→ The records:
= Beginning of Section =

lemma unitary_mmult: "unitary A \<Longrightarrow> unitary B \<Longrightarrow> unitary (mmult A B)"
  unfolding unitary_def
  by (simp add: madj_mmult mmult_assoc) (metis mmult_assoc mmult_mident_left)

lemma unitary_mcnj: "unitary U \<Longrightarrow> unitary (mcnj U)"
proof -
  have "mmult (madj (mcnj A)) (mcnj B) = mcnj (mmult (madj A) B)"
    and "mmult (mcnj B) (madj (mcnj A)) = mcnj (mmult B (madj A))" for A B :: "'a cmat"
    unfolding mmult_def madj_def mcnj_def by simp_all
  moreover have "mcnj mident = mident" unfolding mcnj_def mident_def by (simp add: fun_eq_iff)
  ultimately show "unitary U \<Longrightarrow> unitary (mcnj U)" unfolding unitary_def by metis
qed

lemma unitary_mtensor: "unitary U \<Longrightarrow> unitary V \<Longrightarrow> unitary (mtensor U V)"
  unfolding unitary_def by (simp add: madj_mtensor mtensor_mmult)

lemma unitary_mmult_cancel: "unitary W \<Longrightarrow> mmult (madj W) (mmult W Z) = Z"
  unfolding unitary_def by (metis mmult_assoc mmult_mident_left)

lemma sandwich_entry: "sandwich W \<sigma> x y = (\<Sum>k\<in>UNIV. \<Sum>l\<in>UNIV. W x k * \<sigma> k l * cnj (W y l))"
  unfolding sandwich_def mmult_def madj_def by (simp add: sum_distrib_right) (rule sum.swap)

lemma madj_sandwich: "madj (sandwich W A) = sandwich W (madj A)"
  unfolding sandwich_def by (simp add: madj_mmult mmult_assoc)

lemma sandwich_mtensor: "sandwich (mtensor U V) (mtensor A B) = mtensor (sandwich U A) (sandwich V B)"
  unfolding sandwich_def by (simp add: madj_mtensor mtensor_mmult)

lemma sandwich_mident: "unitary W \<Longrightarrow> sandwich W mident = mident"
  unfolding sandwich_def unitary_def by simp
(* Let $R$ be a tolerance relation on $\{1,\ldots,n\}$ and assume that in each connected component of the graph of $R$ there is a dominant vertex. Then for every $a\in A(R)$ one has $a\succeq 0$ if and only if there exist finitely many $b_1,\ldots,b_k\in A(R)$ with $a=\sum_{i=1}^k b_i\star b_i^*$.
   Context: A tolerance relation on a set $X$ is a reflexive and symmetric relation $R\subset X\times X$; its graph is the undirected graph with vertex set $X$ and an edge between $i\neq j$ whenever $(i,j)\in R$. A dominant vertex of a graph is a vertex adjacent to all other vertices (here: of its connected component). Let $T:M_n(\mathbb{C})\to M_n(\mathbb{C})$, $T(b)=\sum_{(i,j)\in R}E_{ii}bE_{jj}$ (i.e. $T$ sets to zero the entries in positions $(i,j)\notin R$), where $E_{ij}$ are matrix units. $A(R)=T(M_n(\mathbb{C}))$, with product $a\star b:=T(ab)$ and involution the conjugate transpose. For $a\in A(R)$, write $a\succeq 0$ if there exists a positive semidefinite $b\in M_n(\mathbb{C})$ with $a=T(b)$. *)

theory Defs
  imports "HOL-Analysis.Analysis"
begin

text \<open>n x n complex matrices are modelled as complex^'n^'n for a finite index type 'n
  (so n = CARD('n)); a relation on the index set is a set of pairs.\<close>

definition tolerance :: "('n \<times> 'n) set \<Rightarrow> bool" where
  "tolerance R \<longleftrightarrow> refl R \<and> sym R"
(* Let $n\ge 2$ and let $\overrightarrow{K_{1,n}}$ be an orientation of the star $K_{1,n}$. Then $\overrightarrow{K_{1,n}}$ is $\{1,2\}$-antimagic if and only if $n=2$ and its center is neither a source nor a sink.
   Context: An oriented graph $\overrightarrow{G}$ is a directed graph obtained from a simple undirected graph by giving each edge one direction. For vertices $u,v$, $d(u,v)$ is the length of a shortest directed path from $u$ to $v$ ($d(u,u)=0$, and $d(u,v)=\infty$ if there is no such path). Let $\partial=\max\{d(u,v)<\infty : u,v\in V(\overrightarrow{G})\}$. A distance set is a nonempty $D\subseteq\{0,1,\dots,\partial\}$. The $D$-neighborhood of $u$ is $N_D(u)=\{v : d(u,v)\in D\}$. For a bijection $f:V(\overrightarrow{G})\to\{1,\dots,|V(\overrightarrow{G})|\}$, the $D$-weight of $u$ is $\omega_D(u)=\sum_{v\in N_D(u)} f(v)$ (empty sum $=0$). $\overrightarrow{G}$ is $D$-antimagic if $D\subseteq\{0,\dots,\partial\}$ (so $\{1,2\}$-antimagic requires $\partial\ge 2$) and there is such a bijection $f$ with all $D$-weights pairwise distinct. The center of $\overrightarrow{K_{1,n}}$ is its vertex of degree $n$; a source is a vertex of in-degree $0$ and a sink a vertex of out-degree $0$. *)

theory Defs
  imports Main
begin

definition oriented_graph :: "'a set \<Rightarrow> ('a \<times> 'a) set \<Rightarrow> bool" where
  "oriented_graph V A \<longleftrightarrow> finite V \<and> A \<subseteq> V \<times> V \<and>
     (\<forall>u v. (u, v) \<in> A \<longrightarrow> u \<noteq> v \<and> (v, u) \<notin> A)"

definition dist_is :: "('a \<times> 'a) set \<Rightarrow> 'a \<Rightarrow> 'a \<Rightarrow> nat \<Rightarrow> bool" where
  "dist_is A u v k \<longleftrightarrow> (u, v) \<in> A ^^ k \<and> (\<forall>j<k. (u, v) \<notin> A ^^ j)"

definition max_fin_dist :: "'a set \<Rightarrow> ('a \<times> 'a) set \<Rightarrow> nat" where
  "max_fin_dist V A = Max {k. \<exists>u\<in>V. \<exists>v\<in>V. dist_is A u v k}"

definition D_nbhd :: "'a set \<Rightarrow> ('a \<times> 'a) set \<Rightarrow> nat set \<Rightarrow> 'a \<Rightarrow> 'a set" where
  "D_nbhd V A D u = {v \<in> V. \<exists>k\<in>D. dist_is A u v k}"

definition D_weight :: "'a set \<Rightarrow> ('a \<times> 'a) set \<Rightarrow> nat set \<Rightarrow> ('a \<Rightarrow> nat) \<Rightarrow> 'a \<Rightarrow> nat" where
  "D_weight V A D f u = (\<Sum>v\<in>D_nbhd V A D u. f v)"

definition D_antimagic :: "'a set \<Rightarrow> ('a \<times> 'a) set \<Rightarrow> nat set \<Rightarrow> bool" where
  "D_antimagic V A D \<longleftrightarrow> D \<noteq> {} \<and> D \<subseteq> {0..max_fin_dist V A} \<and>
     (\<exists>f. bij_betw f V {1..card V} \<and> inj_on (D_weight V A D f) V)"

definition oriented_star :: "'a set \<Rightarrow> ('a \<times> 'a) set \<Rightarrow> 'a \<Rightarrow> nat \<Rightarrow> bool" where
  "oriented_star V A c n \<longleftrightarrow> oriented_graph V A \<and> c \<in> V \<and> card V = n + 1 \<and>
     A \<subseteq> ({c} \<times> (V - {c})) \<union> ((V - {c}) \<times> {c}) \<and>
     (\<forall>v \<in> V - {c}. (c, v) \<in> A \<or> (v, c) \<in> A)"

definition is_source :: "('a \<times> 'a) set \<Rightarrow> 'a \<Rightarrow> bool" where
  "is_source A u \<longleftrightarrow> (\<forall>w. (w, u) \<notin> A)"

definition is_sink :: "('a \<times> 'a) set \<Rightarrow> 'a \<Rightarrow> bool" where
  "is_sink A u \<longleftrightarrow> (\<forall>w. (u, w) \<notin> A)"

end

theory Submission
  imports Defs
begin

text \<open>In an oriented star every directed walk of length two passes through the centre c
  and no walk of length three exists. Hence the {1,2}-neighbourhood of a leaf x is empty when
  c \<rightarrow> x, and consists of c and the out-neighbours of c when x \<rightarrow> c. Distinct weights therefore
  allow at most one leaf of each kind, i.e. n \<le> 2, and \<partial> \<ge> 2 forces the centre to have an
  in- and an out-neighbour. Conversely, for the path i \<rightarrow> c \<rightarrow> j the labels f c = 1, f i = 2,
  f j = 3 give the weights 3, 4 and 0.\<close>

lemma oriented_star_arcE:
  assumes "oriented_star V A c n" "(u, v) \<in> A"
  obtains "u = c" "v \<in> V - {c}" | "v = c" "u \<in> V - {c}"
  using assms unfolding oriented_star_def by blast

lemma oriented_star_arc_antisym:
  assumes "oriented_star V A c n" "(u, v) \<in> A"
  shows "(v, u) \<notin> A" "u \<noteq> v"
  using assms unfolding oriented_star_def oriented_graph_def by blast+

lemma oriented_star_relpow_2:
  assumes "oriented_star V A c n"
  shows "A ^^ 2 = {(x, z). (x, c) \<in> A \<and> (c, z) \<in> A}"
proof -
  have "(x, c) \<in> A \<and> (c, z) \<in> A" if "(x, y) \<in> A" "(y, z) \<in> A" for x y z
    using that oriented_star_arcE[OF assms] oriented_star_arc_antisym[OF assms] by metis
  then show ?thesis by (auto simp: numeral_2_eq_2)
qed

lemma oriented_star_relpow_ge_3:
  assumes "oriented_star V A c n" "k \<ge> 3"
  shows "A ^^ k = {}"
proof -
  have "(x, z) \<notin> A ^^ 2 O A" for x z
  proof
    assume "(x, z) \<in> A ^^ 2 O A"
    then obtain y where "(c, y) \<in> A" "(y, z) \<in> A"
      by (auto simp: oriented_star_relpow_2[OF assms(1)])
    then show False
      using oriented_star_arc_antisym[OF assms(1)] by (metis oriented_star_arcE[OF assms(1)])
  qed
  then have "A ^^ 2 O A = {}" by auto
  then have "A ^^ 3 = {}"
    by (metis numeral_3_eq_3 numeral_2_eq_2 relpow.simps(2))
  moreover have "A ^^ k = A ^^ (k - 3) O A ^^ 3"
    using assms(2) by (metis le_add_diff_inverse2 relpow_add)
  ultimately show ?thesis by simp
qed

lemma oriented_star_dist_is_1:
  assumes "oriented_star V A c n"
  shows "dist_is A u v 1 \<longleftrightarrow> (u, v) \<in> A"
  using oriented_star_arc_antisym[OF assms] unfolding dist_is_def by auto

lemma oriented_star_dist_is_2:
  assumes "oriented_star V A c n"
  shows "dist_is A u v 2 \<longleftrightarrow> (u, c) \<in> A \<and> (c, v) \<in> A"
proof -
  have "j < 2 \<longleftrightarrow> j = 0 \<or> j = 1" for j :: nat by auto
  then have "dist_is A u v 2 \<longleftrightarrow> (u, v) \<in> A ^^ 2 \<and> u \<noteq> v \<and> (u, v) \<notin> A"
    unfolding dist_is_def by auto
  then show ?thesis
    using oriented_star_relpow_2[OF assms] oriented_star_arcE[OF assms]
      oriented_star_arc_antisym[OF assms]
    by blast
qed

lemma oriented_star_max_fin_dist_ge_2_iff:
  assumes "oriented_star V A c n"
  shows "2 \<le> max_fin_dist V A \<longleftrightarrow> \<not> is_source A c \<and> \<not> is_sink A c"
proof -
  let ?S = "{k. \<exists>u\<in>V. \<exists>v\<in>V. dist_is A u v k}"
  have S_sub: "?S \<subseteq> {0, 1, 2}"
  proof
    fix k
    assume "k \<in> ?S"
    then have "A ^^ k \<noteq> {}"
      unfolding dist_is_def by blast
    then have "\<not> k \<ge> 3"
      using oriented_star_relpow_ge_3[OF assms] by blast
    then show "k \<in> {0, 1, 2}" by auto
  qed
  then have "finite ?S" by (rule finite_subset) simp
  moreover have "0 \<in> ?S"
    using assms unfolding oriented_star_def dist_is_def by auto
  ultimately have Max_S: "Max ?S \<in> ?S" "\<forall>k\<in>?S. k \<le> Max ?S"
    using Max_in[of ?S] Max_ge[of ?S] by blast+
  have "2 \<le> Max ?S \<longleftrightarrow> 2 \<in> ?S"
  proof
    assume "2 \<le> Max ?S"
    moreover have "Max ?S \<in> {0, 1, 2}"
      using Max_S(1) S_sub by blast
    ultimately have "Max ?S = 2" by auto
    then show "2 \<in> ?S"
      using Max_S(1) by simp
  qed (use Max_S(2) in blast)
  also have "\<dots> \<longleftrightarrow> (\<exists>u v. (u, c) \<in> A \<and> (c, v) \<in> A)"
  proof
    assume "2 \<in> ?S"
    then show "\<exists>u v. (u, c) \<in> A \<and> (c, v) \<in> A"
      using oriented_star_dist_is_2[OF assms] by blast
  next
    assume "\<exists>u v. (u, c) \<in> A \<and> (c, v) \<in> A"
    then obtain u v where uc: "(u, c) \<in> A" and cv: "(c, v) \<in> A" by blast
    have "u \<in> V" "v \<in> V"
      using uc cv assms unfolding oriented_star_def oriented_graph_def by auto
    then show "2 \<in> ?S"
      using uc cv oriented_star_dist_is_2[OF assms] by blast
  qed
  finally show ?thesis
    unfolding max_fin_dist_def is_source_def is_sink_def by blast
qed

lemma oriented_star_D_nbhd_12:
  assumes "oriented_star V A c n"
  shows "D_nbhd V A {1, 2} u = {v \<in> V. (u, v) \<in> A \<or> (u, c) \<in> A \<and> (c, v) \<in> A}"
  unfolding D_nbhd_def
  using oriented_star_dist_is_1[OF assms] oriented_star_dist_is_2[OF assms] by auto

lemma oriented_star_D_nbhd_12_leaf:
  assumes "oriented_star V A c n" "x \<in> V - {c}"
  shows "D_nbhd V A {1, 2} x \<in> {{}, insert c {w \<in> V. (c, w) \<in> A}}"
proof -
  have "(c, x) \<in> A \<or> (x, c) \<in> A"
    using assms unfolding oriented_star_def by blast
  moreover have "c \<in> V"
    using assms(1) unfolding oriented_star_def by blast
  ultimately show ?thesis
    unfolding oriented_star_D_nbhd_12[OF assms(1)]
    using assms oriented_star_arcE[OF assms(1)] oriented_star_arc_antisym[OF assms(1)]
    by auto
qed

lemma oriented_star_le_2_if_inj_D_weight_12:
  assumes "oriented_star V A c n" "inj_on (D_weight V A {1, 2} f) V"
  shows "n \<le> 2"
proof -
  have "inj_on (D_nbhd V A {1, 2}) (V - {c})"
    using assms(2) by (auto simp: inj_on_def D_weight_def)
  then have "card (V - {c}) = card (D_nbhd V A {1, 2} ` (V - {c}))"
    by (simp add: card_image)
  also have "\<dots> \<le> card {{}, insert c {w \<in> V. (c, w) \<in> A}}"
    using oriented_star_D_nbhd_12_leaf[OF assms(1)] by (intro card_mono) auto
  also have "\<dots> \<le> 2"
    by (simp add: card_insert_if)
  finally show ?thesis
    using assms(1) unfolding oriented_star_def oriented_graph_def by simp
qed

lemma oriented_star_path_D_antimagic_12:
  assumes st: "oriented_star V A c 2" and ic: "(i, c) \<in> A" and co: "(c, j) \<in> A"
  shows "D_antimagic V A {1, 2}"
proof -
  have iV: "i \<in> V - {c}" and jV: "j \<in> V - {c}"
    using ic co by (auto elim: oriented_star_arcE[OF st])
  have i_ne_j: "i \<noteq> j"
    using oriented_star_arc_antisym(1)[OF st ic] co by auto
  have V: "V = {c, i, j}"
  proof (rule card_subset_eq[symmetric])
    show "finite V" "{c, i, j} \<subseteq> V" "card {c, i, j} = card V"
      using st iV jV i_ne_j unfolding oriented_star_def oriented_graph_def by auto
  qed
  define f where "f x = (if x = c then 1 else if x = i then 2 else 3 :: nat)" for x
  have "bij_betw f V {1..card V}"
  proof -
    have "{1..card V} = {1, 2, 3}"
      using iV jV i_ne_j by (auto simp: V)
    then show ?thesis
      unfolding V bij_betw_def inj_on_def f_def using iV jV i_ne_j by auto
  qed
  moreover have "inj_on (D_weight V A {1, 2} f) V"
  proof -
    have non_arcs: "(c, i) \<notin> A" "(j, c) \<notin> A" "(i, j) \<notin> A" "(j, i) \<notin> A"
      using oriented_star_arc_antisym[OF st] oriented_star_arcE[OF st] ic co iV jV by blast+
    have "D_nbhd V A {1, 2} c = {j}" "D_nbhd V A {1, 2} i = {c, j}" "D_nbhd V A {1, 2} j = {}"
      unfolding oriented_star_D_nbhd_12[OF st]
      using non_arcs ic co oriented_star_arc_antisym(2)[OF st] by (auto simp: V)
    then have "D_weight V A {1, 2} f c = 3" "D_weight V A {1, 2} f i = 4"
      "D_weight V A {1, 2} f j = 0"
      unfolding D_weight_def f_def using iV jV i_ne_j by auto
    then show ?thesis unfolding V inj_on_def by auto
  qed
  moreover have "2 \<le> max_fin_dist V A"
    using oriented_star_max_fin_dist_ge_2_iff[OF st] ic co
    unfolding is_source_def is_sink_def by blast
  ultimately show ?thesis
    unfolding D_antimagic_def by auto
qed

theorem mainTheorem5:
  fixes V :: "'a set" and A :: "('a \<times> 'a) set" and c :: 'a and n :: nat
  assumes "n \<ge> 2" and "oriented_star V A c n"
  shows "D_antimagic V A {1, 2} \<longleftrightarrow> n = 2 \<and> \<not> is_source A c \<and> \<not> is_sink A c"
proof
  assume "D_antimagic V A {1, 2}"
  then obtain f where "inj_on (D_weight V A {1, 2} f) V" and "2 \<le> max_fin_dist V A"
    unfolding D_antimagic_def by auto
  then show "n = 2 \<and> \<not> is_source A c \<and> \<not> is_sink A c"
    using assms oriented_star_le_2_if_inj_D_weight_12[OF assms(2)]
      oriented_star_max_fin_dist_ge_2_iff[OF assms(2)] by simp
next
  assume "n = 2 \<and> \<not> is_source A c \<and> \<not> is_sink A c"
  then obtain i j where "(i, c) \<in> A" "(c, j) \<in> A" "oriented_star V A c 2"
    using assms(2) unfolding is_source_def is_sink_def by blast
  then show "D_antimagic V A {1, 2}"
    by (rule oriented_star_path_D_antimagic_12[rotated])
qed

end
text \<open>Sawbridge realization for U = u, as a function on [0,1] (extended by 0 outside,
  representing an element of L2[0,1]).\<close>
definition sawbridge :: "real \<Rightarrow> (real \<Rightarrow> real)" where
  "sawbridge u = (\<lambda>t. if t \<in> {0..1} then t - (if t \<ge> u then 1 else 0) else 0)"

text \<open>U is uniform on [0,1]: probabilities/expectations are Lebesgue measure/integrals over [0,1].\<close>

text \<open>An encoder: a map from (representatives of) L2 functions to naturals such that
  f(X) is a random variable, i.e. u maps measurably to f (sawbridge u).\<close>
definition encoder :: "((real \<Rightarrow> real) \<Rightarrow> nat) \<Rightarrow> bool" where
  "encoder f \<longleftrightarrow> (\<lambda>u. f (sawbridge u)) \<in> measurable (restrict_space lborel {0..1}) (count_space UNIV)"

text \<open>The event {f(X) = k}, as a set of values of U.\<close>
definition cell :: "((real \<Rightarrow> real) \<Rightarrow> nat) \<Rightarrow> nat \<Rightarrow> real set" where
  "cell f k = {u \<in> {0..1}. f (sawbridge u) = k}"

definition code_support :: "((real \<Rightarrow> real) \<Rightarrow> nat) \<Rightarrow> nat set" where
  "code_support f = {k. measure lborel (cell f k) > 0}"

text \<open>E[X(t) | f(X)] evaluated at the realization U = u (discrete conditioning).\<close>
definition cond_mean :: "((real \<Rightarrow> real) \<Rightarrow> nat) \<Rightarrow> real \<Rightarrow> real \<Rightarrow> real" where
  "cond_mean f t u =
     (let k = f (sawbridge u); p = measure lborel (cell f k) in
      if p = 0 then 0 else (LINT v:cell f k|lborel. sawbridge v t) / p)"

definition distortion :: "((real \<Rightarrow> real) \<Rightarrow> nat) \<Rightarrow> real" where
  "distortion f = (LINT u:{0..1}|lborel. LINT t:{0..1}|lborel. (sawbridge u t - cond_mean f t u)\<^sup>2)"

end

theory Submission
  imports Defs
begin

text \<open>On a cell \<open>C\<close> of measure \<open>p\<close> the
  conditional mean of \<open>X(t)\<close> is \<open>t - F(t)/p\<close> with \<open>F(t) = |C \<inter> (-\<infinity>, t]|\<close>, and the cell
  contributes \<open>(1/p) \<integral>\<^sub>0\<^sup>1 F (p - F)\<close> to the distortion. Restricted to \<open>C\<close>, the map \<open>F\<close> pushes
  Lebesgue measure forward to the uniform measure on \<open>[0, p]\<close>, so the part of this integral
  over \<open>C\<close> equals \<open>p\<^sup>3/6\<close>; the part over \<open>[0,1] - C\<close> is nonnegative and vanishes when \<open>C\<close> is an
  interval. Hence the distortion is at least \<open>\<Sum> p\<^sub>k\<^sup>2 / 6 \<ge> 1 / (6 n)\<close> for \<open>n\<close> cells of
  positive measure, with equality for \<open>n\<close> intervals of length \<open>1/n\<close>.\<close>

locale subset_unit_interval =
  fixes C :: "real set"
  assumes sets_C[measurable]: "C \<in> sets lborel" and C_subset: "C \<subseteq> {0..1}"
begin

definition mass :: real where "mass = measure lborel C"

definition cdf :: "real \<Rightarrow> real" where "cdf t = measure lborel (C \<inter> {..t})"

lemma fmeasurable_Int: "X \<in> sets lborel \<Longrightarrow> C \<inter> X \<in> fmeasurable lborel"
  by (rule fmeasurableI2[of "{0..1}"]) (use C_subset in \<open>auto intro: fmeasurableI\<close>)

lemma fmeasurable_C: "C \<in> fmeasurable lborel"
  using fmeasurable_Int[of UNIV] by simp

lemma integrable_indicator_Int:
  "X \<in> sets lborel \<Longrightarrow> integrable lborel (indicator (C \<inter> X) :: real \<Rightarrow> real)"
  using fmeasurableD2[OF fmeasurable_Int] by (intro integrable_real_indicator) (auto simp: less_top)

lemma integrable_indicator_C: "integrable lborel (indicator C :: real \<Rightarrow> real)"
  using integrable_indicator_Int[of UNIV] by simp

lemma mass_nonneg: "0 \<le> mass"
  by (simp add: mass_def)

lemma cdf_nonneg: "0 \<le> cdf t"
  by (simp add: cdf_def)

lemma cdf_le_mass: "cdf t \<le> mass"
  unfolding cdf_def mass_def by (rule measure_mono_fmeasurable) (use fmeasurable_C in auto)

lemma cdf_add_measure_Ioc: "s \<le> t \<Longrightarrow> cdf t = cdf s + measure lborel (C \<inter> {s<..t})"
  unfolding cdf_def
  by (subst measure_Union[symmetric])
     (auto intro!: fmeasurableD2[OF fmeasurable_Int] arg_cong[where f="measure lborel"])

lemma mono_cdf: "mono cdf"
  using cdf_add_measure_Ioc by (intro monoI) fastforce

lemma cdf_increment_le: "s \<le> t \<Longrightarrow> cdf t - cdf s \<le> t - s"
  using cdf_add_measure_Ioc[of s t] measure_mono_fmeasurable[of "C \<inter> {s<..t}" "{s<..t}" lborel]
  by (simp add: fmeasurableI)

lemma continuous_on_cdf: "continuous_on S cdf"
proof (rule lipschitz_on_continuous_on)
  show "1-lipschitz_on S cdf"
  proof (rule lipschitz_onI)
    fix s t
    show "dist (cdf s) (cdf t) \<le> 1 * dist s t"
      using cdf_increment_le[of s t] cdf_increment_le[of t s] monoD[OF mono_cdf, of s t]
        monoD[OF mono_cdf, of t s]
      by (cases "s \<le> t") (auto simp: dist_real_def)
  qed simp
qed

lemma borel_measurable_cdf[measurable]: "cdf \<in> borel_measurable borel"
  using mono_cdf by (rule borel_measurable_mono)

lemma cdf_eq_0:
  assumes "t \<le> 0" shows "cdf t = 0"
proof -
  have "C \<inter> {..t} \<subseteq> {0}"
    using C_subset assms by auto
  then have "cdf t \<le> measure lborel {0::real}"
    unfolding cdf_def
    by (intro measure_mono_fmeasurable) (auto intro!: fmeasurableI_null_sets countable_imp_null_set_lborel)
  then show ?thesis
    using cdf_nonneg[of t] by simp
qed

lemma cdf_eq_mass: "1 \<le> t \<Longrightarrow> cdf t = mass"
  using C_subset by (auto simp: cdf_def mass_def intro!: arg_cong[where f="measure lborel"])

lemma superlevel_set_cdf:
  assumes "0 \<le> x" "x < mass"
  obtains \<tau> where "cdf \<tau> = x" "{t. x < cdf t} = {\<tau><..}"
proof -
  define L where "L = {0..1} \<inter> cdf -` {..x}"
  have "closed L"
    unfolding L_def
    by (intro closed_Int closed_atLeastAtMost continuous_closed_vimage)
       (auto intro: continuous_on_interior[OF continuous_on_cdf[of UNIV]])
  moreover have "0 \<in> L" "bdd_above L"
    using assms cdf_eq_0[of 0] by (auto simp: L_def intro: bdd_aboveI[of _ 1])
  ultimately have \<tau>: "Sup L \<in> L" "\<And>t. t \<in> L \<Longrightarrow> t \<le> Sup L"
    by (auto intro: closed_contains_Sup cSup_upper)
  have "\<exists>s. Sup L \<le> s \<and> s \<le> 1 \<and> cdf s = x"
    using \<tau>(1) assms cdf_eq_mass[of 1]
    by (intro IVT'[OF _ _ _ continuous_on_cdf]) (auto simp: L_def)
  then obtain s where s: "Sup L \<le> s" "s \<le> 1" "cdf s = x"
    by blast
  then have "s \<in> L"
    using \<tau>(1) by (auto simp: L_def)
  with s \<tau> have cdf_Sup: "cdf (Sup L) = x"
    by force
  have "x < cdf t \<longleftrightarrow> Sup L < t" for t
  proof
    assume "x < cdf t"
    then show "Sup L < t"
      using monoD[OF mono_cdf, of t "Sup L"] cdf_Sup by (cases "t \<le> Sup L") auto
  next
    assume "Sup L < t"
    then have "t \<notin> L"
      using \<tau>(2) by force
    then show "x < cdf t"
      using \<tau>(1) \<open>Sup L < t\<close> assms cdf_eq_mass[of t] by (auto simp: L_def not_le)
  qed
  then show thesis
    using that[OF cdf_Sup] by auto
qed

= End of Section =

→ Exercise directions:
Which lines above include the word "component"? Show each one.

→ Output:
(* Let $R$ be a tolerance relation on $\{1,\ldots,n\}$ and assume that in each connected component of the graph of $R$ there is a dominant vertex. Then for every $a\in A(R)$ one has $a\succeq 0$ if and only if there exist finitely many $b_1,\ldots,b_k\in A(R)$ with $a=\sum_{i=1}^k b_i\star b_i^*$.
   Context: A tolerance relation on a set $X$ is a reflexive and symmetric relation $R\subset X\times X$; its graph is the undirected graph with vertex set $X$ and an edge between $i\neq j$ whenever $(i,j)\in R$. A dominant vertex of a graph is a vertex adjacent to all other vertices (here: of its connected component). Let $T:M_n(\mathbb{C})\to M_n(\mathbb{C})$, $T(b)=\sum_{(i,j)\in R}E_{ii}bE_{jj}$ (i.e. $T$ sets to zero the entries in positions $(i,j)\notin R$), where $E_{ij}$ are matrix units. $A(R)=T(M_n(\mathbb{C}))$, with product $a\star b:=T(ab)$ and involution the conjugate transpose. For $a\in A(R)$, write $a\succeq 0$ if there exists a positive semidefinite $b\in M_n(\mathbb{C})$ with $a=T(b)$. *)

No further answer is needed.